Читаем Порченая полностью

По лесу Серизи не спеша брела пожилая женщина. Собирая хворост, добрела и до придорожной канавы, где осталась лежать глина божьего творения. Слишком занятая сухим валежником, а может, и немного глуховатая, она не слышала выстрела. А если и слышала, не обратила внимания — мало ли в здешних краях охотников. Деревянное ее сабо задело покойника. Сын ее знался с «совиным братством», и материнское чувство возобладало над природной пугливостью. Вспомнив своего Жана, она наклонилась к изуродованному воину и дотронулась рукой до его груди. Что это? Сердце еще билось. Женщина не колебалась ни секунды. Опасливо оглянувшись на дорогу, вырубку и поляну и не заметив ничего подозрительного, она взвалила шуана себе на спину, будто вязанку краденых дров, и поволокла, несмотря на немощь, к себе в лачугу, что притулилась неподалеку на опушке. Уложив несчастного на свою постель и затеплив чадящую коптилку, она принялась обмывать его жуткие раны с раздробленными костями и висящей клочьями кожей. Лицо самоубийцы напоминало перепаханное кровавыми бороздами поле. Пять или шесть пуль находилось в стволе мушкета, огненным снопом пропахали они его лицо, оставив на нем кровавые борозды, и только этим можно объяснить то, что шуан остался в живых. Как умела, перевязала женщина окровавленную, лишившуюся человеческого облика мумию.
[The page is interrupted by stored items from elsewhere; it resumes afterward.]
lemma eventually_signed_series_abs_bound:
  fixes v :: "nat \<Rightarrow> real"
  assumes v: "v sums V" and s: "\<bar>s\<bar> = 1" and sign: "\<And>i. N \<le> i \<Longrightarrow> 0 \<le> s * v i"
  shows "summable (\<lambda>i. \<bar>v i\<bar>)" and "(\<Sum>i. \<bar>v i\<bar>) \<le> 2 * (\<Sum>i<N. \<bar>v i\<bar>) + \<bar>V\<bar>"
proof -
  have "\<bar>v i\<bar> = s * v i" if "N \<le> i" for i
    using sign[OF that] s by (metis abs_mult abs_of_nonneg mult_1)
  then have "(\<lambda>i. \<bar>v i\<bar> - s * v i) sums (\<Sum>i<N. \<bar>v i\<bar> - s * v i)"
    by (intro sums_finite) auto
  from sums_add[OF this sums_mult[OF v, of s]]
  have abs_sums: "(\<lambda>i. \<bar>v i\<bar>) sums ((\<Sum>i<N. \<bar>v i\<bar> - s * v i) + s * V)"
    by simp
  then show "summable (\<lambda>i. \<bar>v i\<bar>)"
    by (rule sums_summable)
  have s_abs: "\<bar>s * x\<bar> = \<bar>x\<bar>" for x
    using s by (simp add: abs_mult)
  have "(\<Sum>i<N. \<bar>v i\<bar> - s * v i) \<le> (\<Sum>i<N. 2 * \<bar>v i\<bar>)"
    using abs_ge_minus_self[of "s * v _"] by (intro sum_mono) (simp add: s_abs)
  moreover have "s * V \<le> \<bar>V\<bar>"
    using abs_ge_self[of "s * V"] by (simp add: s_abs)
  ultimately show "(\<Sum>i. \<bar>v i\<bar>) \<le> 2 * (\<Sum>i<N. \<bar>v i\<bar>) + \<bar>V\<bar>"
    using sums_unique[OF abs_sums] unfolding sum_distrib_left by linarith
qed

lemma gen_binomial_powr_sums:
  fixes t a b :: real
  assumes "0 < t" "t < 1"
  shows "(\<lambda>i. (-1)^i * (b gchoose i) * t powr (real i + a)) sums ((1 - t) powr b * t powr a)"
proof -
  have "(\<lambda>i. (b gchoose i) * (-t)^i) sums (1 + -t) powr b"
    using assms by (intro gen_binomial_real) simp
  from sums_mult2[OF this, of "t powr a"]
  have "(\<lambda>i. (b gchoose i) * (-t)^i * t powr a) sums ((1 - t) powr b * t powr a)"
    by simp
  moreover have "t powr (real i + a) = t ^ i * t powr a" for i
    using assms by (simp add: powr_add powr_realpow)
  then have "(b gchoose i) * (-t)^i * t powr a = (-1)^i * (b gchoose i) * t powr (real i + a)" for i
    unfolding power_minus[of t i] by (simp only: mult.assoc mult.left_commute)
  ultimately show ?thesis
    by (simp only:)
qed

lemma gen_binomial_powr_partial_abs_bound:
  fixes t a b :: real
  assumes "0 < t" "t < 1"
  shows "(\<Sum>i<m. \<bar>(-1)^i * (b gchoose i) * t powr (real i + a)\<bar>)
           \<le> 2 * (\<Sum>i<nat \<lceil>b\<rceil>. \<bar>b gchoose i\<bar> * t powr (real i + a)) + (1 - t) powr b * t powr a"
proof -
  obtain s where s: "\<bar>s\<bar> = 1" and sign: "\<And>i. nat \<lceil>b\<rceil> \<le> i \<Longrightarrow> 0 \<le> s * ((-1)^i * (b gchoose i))"
    using alternating_gbinomial_eventually_sign by metis
  have term_sign: "0 \<le> s * ((-1)^i * (b gchoose i) * t powr (real i + a))" if "nat \<lceil>b\<rceil> \<le> i" for i
    using sign[OF that] by (simp add: mult.assoc[symmetric])
  note bound = eventually_signed_series_abs_bound[where N = "nat \<lceil>b\<rceil>",
      OF gen_binomial_powr_sums[OF assms] s term_sign]
  have abs_term: "\<bar>(-1)^i * (b gchoose i) * t powr (real i + a)\<bar> = \<bar>b gchoose i\<bar> * t powr (real i + a)"
    for i
    by (simp add: abs_mult)
  have abs_limit: "\<bar>(1 - t) powr b * t powr a\<bar> = (1 - t) powr b * t powr a"
    by simp
  have "(\<Sum>i<m. \<bar>(-1)^i * (b gchoose i) * t powr (real i + a)\<bar>)
      \<le> (\<Sum>i. \<bar>(-1)^i * (b gchoose i) * t powr (real i + a)\<bar>)"
    by (rule sum_le_suminf[OF bound(1)]) auto
  also have "\<dots> \<le> 2 * (\<Sum>i<nat \<lceil>b\<rceil>. \<bar>b gchoose i\<bar> * t powr (real i + a)) + (1 - t) powr b * t powr a"
    using bound(2) unfolding abs_term abs_limit .
  finally show ?thesis .
qed

lemma sums_integral_dominated:
  fixes f :: "nat \<Rightarrow> 'a \<Rightarrow> real"
  assumes f: "\<And>i. integrable M (f i)" and F: "F \<in> borel_measurable M" and B: "integrable M B"
    and sums: "AE x in M. (\<lambda>i. f i x) sums F x"
    and bound: "\<And>m. AE x in M. (\<Sum>i<m. \<bar>f i x\<bar>) \<le> B x"
  shows "(\<lambda>i. integral\<^sup>L M (f i)) sums integral\<^sup>L M F"
proof -
  have "(\<lambda>m. \<integral>x. (\<Sum>i<m. f i x) \<partial>M) \<longlonglongrightarrow> integral\<^sup>L M F"
  proof (rule integral_dominated_convergence[OF F _ B])
    show "(\<lambda>x. \<Sum>i<m. f i x) \<in> borel_measurable M" for m
      using f by simp
    show "AE x in M. (\<lambda>m. \<Sum>i<m. f i x) \<longlonglongrightarrow> F x"
      using sums by (simp add: sums_def)
    show "AE x in M. norm (\<Sum>i<m. f i x) \<le> B x" for m
      using bound[of m] by eventually_elim (auto intro: order_trans[OF sum_abs])
  qed
  then show ?thesis
    unfolding sums_def using f by simp
qed

lemma integral_indicator_mult_eq_set_nn_integral:
  fixes h :: "'a \<Rightarrow> real"
  assumes "S \<in> sets M" "h \<in> borel_measurable M" "\<And>x. 0 \<le> h x"
  shows "(\<integral>x. indicator S x * h x \<partial>M) = enn2real (\<integral>\<^sup>+x\<in>S. ennreal (h x) \<partial>M)"
  using assms by (simp add: integral_eq_nn_integral nn_integral_set_ennreal mult.commute)

lemma integrable_indicator_mult_if_set_nn_integral_finite:
  fixes h :: "'a \<Rightarrow> real"
  assumes "S \<in> sets M" "h \<in> borel_measurable M" "\<And>x. 0 \<le> h x"
    and "(\<integral>\<^sup>+x\<in>S. ennreal (h x) \<partial>M) < \<infinity>"
  shows "integrable M (\<lambda>x. indicator S x * h x)"
  using assms by (intro integrableI_nonneg) (simp_all add: nn_integral_set_ennreal mult.commute)
(* Let $\Gamma$ be a group, let $\mathcal{C},\mathcal{C}'$ be monoidal categories, and let $G:\mathcal{C}\to\mathcal{C}'$ and $H:\mathcal{C}'\to\mathcal{C}$ be monoidal equivalences together with isomorphisms of monoidal functors $\alpha: G\circ H\cong \mathrm{id}_{\mathcal{C}'}$ and $\beta: H\circ G\cong \mathrm{id}_{\mathcal{C}}$. Let $(\theta,F)$ be a factor set on $\Gamma$ with coefficients in $\mathcal{C}$, and let $\mathcal{D}=\Delta(\theta,F)$ be the associated crossed product $\Gamma$-extension of $\mathcal{C}$. Then the quadruple $(G,H,\alpha,\beta)$ induces (i) a factor set $(\theta',F')$ on $\Gamma$ with coefficients in $\mathcal{C}'$, and (ii) a $\Gamma$-equivalence $\Delta(\theta,F)\to \Delta(\theta',F')$.
   Context: A monoidal functor is written $F=(F,\widetilde F,\widehat F)$ with natural isomorphisms $\widetilde F_{X,Y}:F(X\otimes Y)\to F(X)\otimes F(Y)$ and $\widehat F:F(I)\to I$ satisfying the usual coherence conditions. A factor set on a group $\Gamma$ with coefficients in a monoidal category $\mathcal{C}$ is a pair $(\theta,F)$ consisting of a family of monoidal autoequivalences $F^\sigma=(F^\sigma,\widetilde{F^\sigma},\widehat{F^\sigma}):\mathcal{C}\to\mathcal{C}$ ($\sigma\in\Gamma$) and a family of isomorphisms of monoidal functors $\theta^{\sigma,\tau}:F^\sigma F^\tau\to F^{\sigma\tau}$ ($\sigma,\tau\in\Gamma$) such that: (i) $F^1=\mathrm{id}_{\mathcal{C}}$; (ii) $\theta^{1,\sigma}=\mathrm{id}_{F^\sigma}=\theta^{\sigma,1}$ for all $\sigma$; (iii) $\theta^{\sigma\tau,\gamma}\circ(\theta^{\sigma,\tau}F^\gamma)=\theta^{\sigma,\tau\gamma}\circ(F^\sigma\theta^{\tau,\gamma})$ as transformations $F^\sigma F^\tau F^\gamma\to F^{\sigma\tau\gamma}$, for all $\sigma,\tau,\gamma\in\Gamma$. The crossed product $\Delta(\theta,F)$ is the category whose objects are those of $\mathcal{C}$, whose morphisms $A\to B$ are pairs $(u,\sigma)$ with $\sigma\in\Gamma$ and $u:F^\sigma(A)\to B$ a morphism of $\mathcal{C}$, with composition of $A\xrightarrow{(u,\sigma)}B\xrightarrow{(v,\tau)}C$ given by $(v\circ F^\tau(u)\circ(\theta^{\tau,\sigma}_A)^{-1},\tau\sigma)$ (identities $(\mathrm{id}_A,1)$); it carries the stable $\Gamma$-grading $g(u,\sigma)=\sigma$ and the isomorphism $j:\mathcal{C}\to\mathrm{Ker}\,\Delta(\theta,F)$, $j(u)=(u,1)$, onto the subcategory of morphisms of grade $1$. A $\Gamma$-equivalence between $\Gamma$-graded categories is a functor compatible with the gradings (preserving the grade of every morphism) which is an equivalence of categories. *)

theory Defs
  imports "HOL-Algebra.Group"
begin

record ('o,'m) cat =
  Ob  :: "'o set"
  Arr :: "'m set"
  Dom :: "'m \<Rightarrow> 'o"
  Cod :: "'m \<Rightarrow> 'o"
  Idt :: "'o \<Rightarrow> 'm"
  Cmp :: "'m \<Rightarrow> 'm \<Rightarrow> 'm"   (* Cmp C g f = g \<circ> f *)

definition hom where
  "hom C A B = {f \<in> Arr C. Dom C f = A \<and> Cod C f = B}"

definition category where
  "category C \<longleftrightarrow>
    (\<forall>f\<in>Arr C. Dom C f \<in> Ob C \<and> Cod C f \<in> Ob C) \<and>
    (\<forall>A\<in>Ob C. Idt C A \<in> hom C A A) \<and>
    (\<forall>f\<in>Arr C. \<forall>g\<in>Arr C. Cod C f = Dom C g \<longrightarrow>
        Cmp C g f \<in> hom C (Dom C f) (Cod C g)) \<and>
    (\<forall>f\<in>Arr C. \<forall>g\<in>Arr C. \<forall>h\<in>Arr C. Cod C f = Dom C g \<and> Cod C g = Dom C h \<longrightarrow>
        Cmp C h (Cmp C g f) = Cmp C (Cmp C h g) f) \<and>
    (\<forall>f\<in>Arr C. Cmp C (Idt C (Cod C f)) f = f \<and> Cmp C f (Idt C (Dom C f)) = f)"

definition is_iso where
  "is_iso C f \<longleftrightarrow> f \<in> Arr C \<and>
     (\<exists>g \<in> hom C (Cod C f) (Dom C f). Cmp C g f = Idt C (Dom C f) \<and> Cmp C f g = Idt C (Cod C f))"

definition inv_arr where
  "inv_arr C f = (SOME g. g \<in> hom C (Cod C f) (Dom C f) \<and>
       Cmp C g f = Idt C (Dom C f) \<and> Cmp C f g = Idt C (Cod C f))"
Нищенская жизнь укрепила в старой крестьянке мужество, отучила от брезгливости, и теперь, на исходе дня, она добросовестно исполняла возложенный на нее Господом долг милосердия, как исполнил его когда-то добрый самарянин, что ехал из Иерусалима в Иерихон[19]. Воистину она была христианкой и жила словно бы не в наши равнодушные времена, сберегая в себе тепло живой веры, той самой, что подвигает сердце на добрые чувства, помогает добродетели стать деятельной и перемещает милосердие из ума в руки. Она и помыслить не могла, что несчастный, которого она выхаживала с такой набожной истовостью, сам предал себя в руки смерти. Но если бы и закралась ей в голову такая святотатственная мысль, то лилия, которую она увидела на одежде раненого, отвела бы ее. Ведь и короля она чтила не меньше Господа Бога и, увидев лилию, не сомневалась, что те ужасные раны, которые она перевязывала, нанесли пули «синяков». Служа королю и Богу, она ухаживала за раненым с каждодневным неослабным рвением и искренней нежностью. Так посмотрите же в лицо той, что приютила чужое страдание! Вот она обмыла, подсушила и перевязала раны тряпицами, на которые порвала свою ночную рубашку, кончила и опустилась на колени, молясь милосердной Богородице за страдальца, которого корчило на постели от боли. Услышала ли ее молитву Матерь Божия? Очень может быть, потому что раненый все медлил умирать.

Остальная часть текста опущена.